Image by Ben Cossy
I like to think I keep Reflective Parenting in the driver’s seat. But a rotating cast of characters rides shotgun: Mom Guilt, Civic Anxiety, Shame of Privilege, Indignation and Foot-in-Mouth are frequent passengers. It’s been crowded up here in the front seat recently.
Our family decided to send our daughter, almost 10, to a small private school a few days after Santa Fe Public Schools decided to move the first nine weeks of school online. This was the same day I read a social media re-post by the SFPS board president on how such decisions exacerbate the racial and economic inequities and achievement gaps that already dog our public schools, locally and nationally.
Her post and pandemic-pod opinions and articles—in the Washington Post and New York Times, for two examples—target parent-organized microschools and study-support pods comprised of the children of a few like-minded parents. The problem is that these microschools and pods are more likely to be made up of like-resourced and like-raced families, as well. Pod-parent criticism can be scathing.
And I'm sure we'll hear more this week, as the local board has planned a special meeting on Thursday, July 30 with two agenda items for discussion and possible action labeled "facilitating integrated pods" and "using outdoor space."

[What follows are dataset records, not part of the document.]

lemma
  assumes f: "Fc f" and r: "fstar f t = ereal r" and sg: "fstar_subgrad f t q"
  shows fstar_subgrad_nonneg: "q \<ge> 0"
    and fstar_subgrad_eq: "r = q * t - f q"
proof -
  have sg_r: "ereal (r + q * (u - t)) \<le> fstar f u" for u
    using sg r unfolding fstar_subgrad_def by (metis plus_ereal.simps(1))
  show "q \<ge> 0"
  proof (rule ccontr)
    \<comment> \<open>\<open>f*\<close> is bounded by \<open>f'(1)\<close> on \<open>(-\<infinity>, f'(1)]\<close>, while a negative subgradient forces
      it to grow as \<open>u \<rightarrow> -\<infinity>\<close>.\<close>
    assume "\<not> q \<ge> 0"
    define K where "K = \<bar>r\<bar> + \<bar>deriv f 1\<bar> + 1"
    define u where "u = min t (deriv f 1) - K / (- q)"
    have "K / (- q) > 0" using \<open>\<not> q \<ge> 0\<close> by (intro divide_pos_pos) (auto simp: K_def)
    then have "u \<le> deriv f 1" by (simp add: u_def)
    have "K = (- q) * (K / (- q))" using \<open>\<not> q \<ge> 0\<close> by simp
    also have "\<dots> \<le> (- q) * (t - u)"
      using \<open>\<not> q \<ge> 0\<close> by (intro mult_left_mono) (auto simp: u_def)
    finally have "K \<le> q * (u - t)" by (simp add: algebra_simps)
    moreover have "r + q * (u - t) \<le> deriv f 1"
      using order_trans[OF sg_r[of u] Fc_fstar_le_deriv_1[OF f \<open>u \<le> deriv f 1\<close>]] by simp
    ultimately show False by (simp add: K_def)
  qed
  have "r \<le> q * t - f q"
  proof (cases "q = 0")
    case False
    with \<open>q \<ge> 0\<close> have "q > 0" by simp
    with sg_r[of "deriv f q"] show ?thesis
      by (simp add: Fc_fstar_deriv[OF f] algebra_simps)
  next
    case True
    have "r \<le> e - f 0" if "e > 0" for e
    proof -
      obtain u where "fstar f u \<le> ereal (e - f 0)" using Fc_ex_fstar_le[OF f \<open>e > 0\<close>] ..
      with sg_r[of u] have "ereal (r + q * (u - t)) \<le> ereal (e - f 0)" by (rule order_trans)
      with True show ?thesis by simp
    qed
    then have "r \<le> - f 0" using field_le_epsilon[of r "- f 0"] by simp
    with True show ?thesis by simp
  qed
  moreover have "q * t - f q \<le> r" using fenchel_young[OF \<open>q \<ge> 0\<close>, of t f] r by simp
  ultimately show "r = q * t - f q" by simp
qed

lemma fstar_subgrad_supporting_line:
  assumes "Fc f" "fstar f t = ereal r" "fstar_subgrad f t q" "z \<ge> 0"
  shows "f q + t * (z - q) \<le> f z"
  using fenchel_young[OF assms(4), of t f] fstar_subgrad_eq[OF assms(1-3)] assms(2)
  by (simp add: algebra_simps)

lemma fstar_subgrad_0_le_deriv:
  assumes "Fc f" "fstar f t = ereal r" "fstar_subgrad f t 0" "y > 0"
  shows "t \<le> deriv f y"
  using fstar_subgrad_supporting_line[OF assms(1-3)]
  by (intro Fc_subgradient_0_le_deriv[OF assms(1) _ assms(4)]) simp
lemma matrix_mul_rneg [simp]: "(A::'a::comm_ring_1^'n^'m) ** (- B) = - (A ** B)"
  by (simp add: matrix_matrix_mult_def vec_eq_iff sum_negf)
lemma matrix_mul_lneg [simp]: "(- A::'a::comm_ring_1^'n^'m) ** B = - (A ** B)"
  by (simp add: matrix_matrix_mult_def vec_eq_iff sum_negf)
lemma matrix_vector_mul_lneg [simp]: "(- A::'a::comm_ring_1^'n^'m) *v x = - (A *v x)"
  by (simp add: matrix_vector_mult_def vec_eq_iff sum_negf)
lemma matrix_vector_mul_rneg [simp]: "(A::'a::comm_ring_1^'n^'m) *v (- x) = - (A *v x)"
  by (simp add: matrix_vector_mult_def vec_eq_iff sum_negf)

lemmas matrix_vector_simps = vector_scalar_commute matrix_vector_right_distrib
  matrix_vector_mult_diff_distrib vector_smult_assoc vector_ssub_ldistrib vector_smult_rneg
  matrix_vector_mul_assoc vector_add_ldistrib matrix_mul_assoc[symmetric]
lemmas component_simps = vec_eq_iff vector_add_component vector_mult_component
  vector_smult_component vector_minus_component vector_uminus_component zero_index
  numeral_index one_index
lemmas operator_defs = Htil_def Xtil_minus_def Xminus_def omega_minus_def mz_def dzbar_def
  Xtil_plus_def Xplus_def omega_plus_def mzbar_def dz_def

text \<open>Each operator shifts every exponent
  by at most one, so splitting each exponent into \<open>0\<close>, \<open>1\<close> and \<open>\<ge> 2\<close> resolves all
  boundary cases of \<open>mx\<^sub>i\<close> in a composition of two operators.\<close>
lemma Htil_mzbar: "Htil E1 E2 (mzbar P) = mzbar (Htil E1 E2 P) + mzbar P"
  apply (rule spoly_eqI)
  subgoal for a b c
    by (cases a rule: nat_cases_0_1_SucSuc; cases b rule: nat_cases_0_1_SucSuc;
        cases c rule: nat_cases_0_1_SucSuc; simp add: operator_defs coeff_simps;
        (simp only: matrix_vector_simps matrix_mul_rneg matrix_mul_lneg matrix_vector_mul_lneg
          matrix_vector_mul_rneg)?;
        (simp only: component_simps)?; (simp add: divide_simps)?; (simp add: algebra_simps)?)
  done

lemma dirac_mzbar: "dirac E1 E2 E3 (mzbar P) = mzbar (dirac E1 E2 E3 P) + cl E1 P - sc \<i> (cl E2 P)"
  apply (rule spoly_eqI)
  subgoal for a b c
    by (cases a rule: nat_cases_0_1_SucSuc; cases b rule: nat_cases_0_1_SucSuc;
        cases c rule: nat_cases_0_1_SucSuc;
        simp add: operator_defs dirac_def coeff_simps matrix_vector_simps;
        (simp only: component_simps)?; (simp add: divide_simps)?; (simp add: algebra_simps)?)
  done

lemma Xtil_plus_mzbar: "Xtil_plus E1 E2 E3 (mzbar P) = mzbar (Xtil_plus E1 E2 E3 P)"
  apply (rule spoly_eqI)
  subgoal for a b c
    by (cases a rule: nat_cases_0_1_SucSuc; cases b rule: nat_cases_0_1_SucSuc;
        cases c rule: nat_cases_0_1_SucSuc; simp add: operator_defs coeff_simps matrix_vector_simps;
        (simp only: component_simps)?; (simp add: divide_simps)?; (simp add: algebra_simps)?)
  done

lemma cl_mzbar: "cl M (mzbar P) = mzbar (cl M P)"
  apply (rule spoly_eqI)
  subgoal for a b c
    by (cases a; cases b; simp add: mzbar_def coeff_simps matrix_vector_simps)
  done

lemma Htil_const_poly: "Htil E1 E2 (const_poly v) = const_poly ((-\<i>/2) *s ((E1**E2) *v v))"
  apply (rule spoly_eqI)
  subgoal for a b c
    by (cases a; cases b; cases c; simp add: Htil_def const_poly_def coeff_simps matrix_vector_simps)
  done

lemma dirac_const_poly: "dirac E1 E2 E3 (const_poly v) = 0"
  apply (rule spoly_eqI)
  subgoal for a b c
    by (simp add: const_poly_def dirac_def coeff_simps)
  done

lemma Xtil_plus_const_poly:
  "Xtil_plus E1 E2 E3 (const_poly v) = const_poly ((1/2) *s ((E3**E1) *v v + \<i> *s ((E2**E3) *v v)))"
  apply (rule spoly_eqI)
  subgoal for a b c
    by (cases a; cases b; cases c; simp add: operator_defs const_poly_def coeff_simps matrix_vector_simps)
  done

lemma cl_const_poly: "cl M (const_poly v) = const_poly (M *v v)"
  by (rule ext) (simp add: const_poly_def cl_apply)

locale clifford3 =
  fixes E1 E2 E3 :: "complex^2^2"
  assumes E1_sq: "E1 ** E1 = - mat 1" and E2_sq: "E2 ** E2 = - mat 1" and E3_sq: "E3 ** E3 = - mat 1"
    and anticomm12: "E1 ** E2 + E2 ** E1 = 0" and anticomm13: "E1 ** E3 + E3 ** E1 = 0"
    and anticomm23: "E2 ** E3 + E3 ** E2 = 0"
begin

Pandemic pods have been spearheaded by families with money to hire private teachers and tutors. And, as Rebekah Bastian reviews in Forbes, correlations between race and wealth, and between race and the best-off schools in any district perpetuate America's educational inequalities. Similarly, parents with the means to choose a private school in the face of COVID-19-compromised education are not reflective of American and New Mexican racial diversity. Based on conversations I've been privy to, Santa Fe is in line with these trends and their threats of further entrenching segregation.
We should be wary of choices and conditions that further segregation and deplete public schools.
Six years ago, Mother Tongue wrote about such influencers in deciding to send our kids to public school. Rereading this old post, I notice that I included a caveat: "If a time comes when their educational opportunities at a private school diverge significantly from what is available to them publicly, then […] we will re-evaluate our options." Perhaps I anticipated our son's 6th grade year, when we moved him to a tiny, unconventional alternative. Yes, privilege made this move possible. And, my son's quick shift from hating to loving school validated it: He went from being overlooked to being valued as individual learner.
My shotgun riders and I maintain endless, pitched battles about making a decision in the best interest of my community or making a decision in the best interest of my particular kids. When these are mostly aligned, the drive is relatively smooth. When they're not, who wins? Do I make a civically responsible choice knowing that I'm actively acting against the best interest of my child's emotional, psychological and academic future? Or do I make a choice that gives my child the best chance for lifelong curiosity and engagement, at the expense of participating in a more diverse public school community?
I envy those who come down unquestionably on one side or the other of this question. I'm also suspicious of unquestioned conclusions. If public schools are to move forward successfully, questions will be infinitely more fruitful than finger-pointing. The "yes…and" construction is helpful.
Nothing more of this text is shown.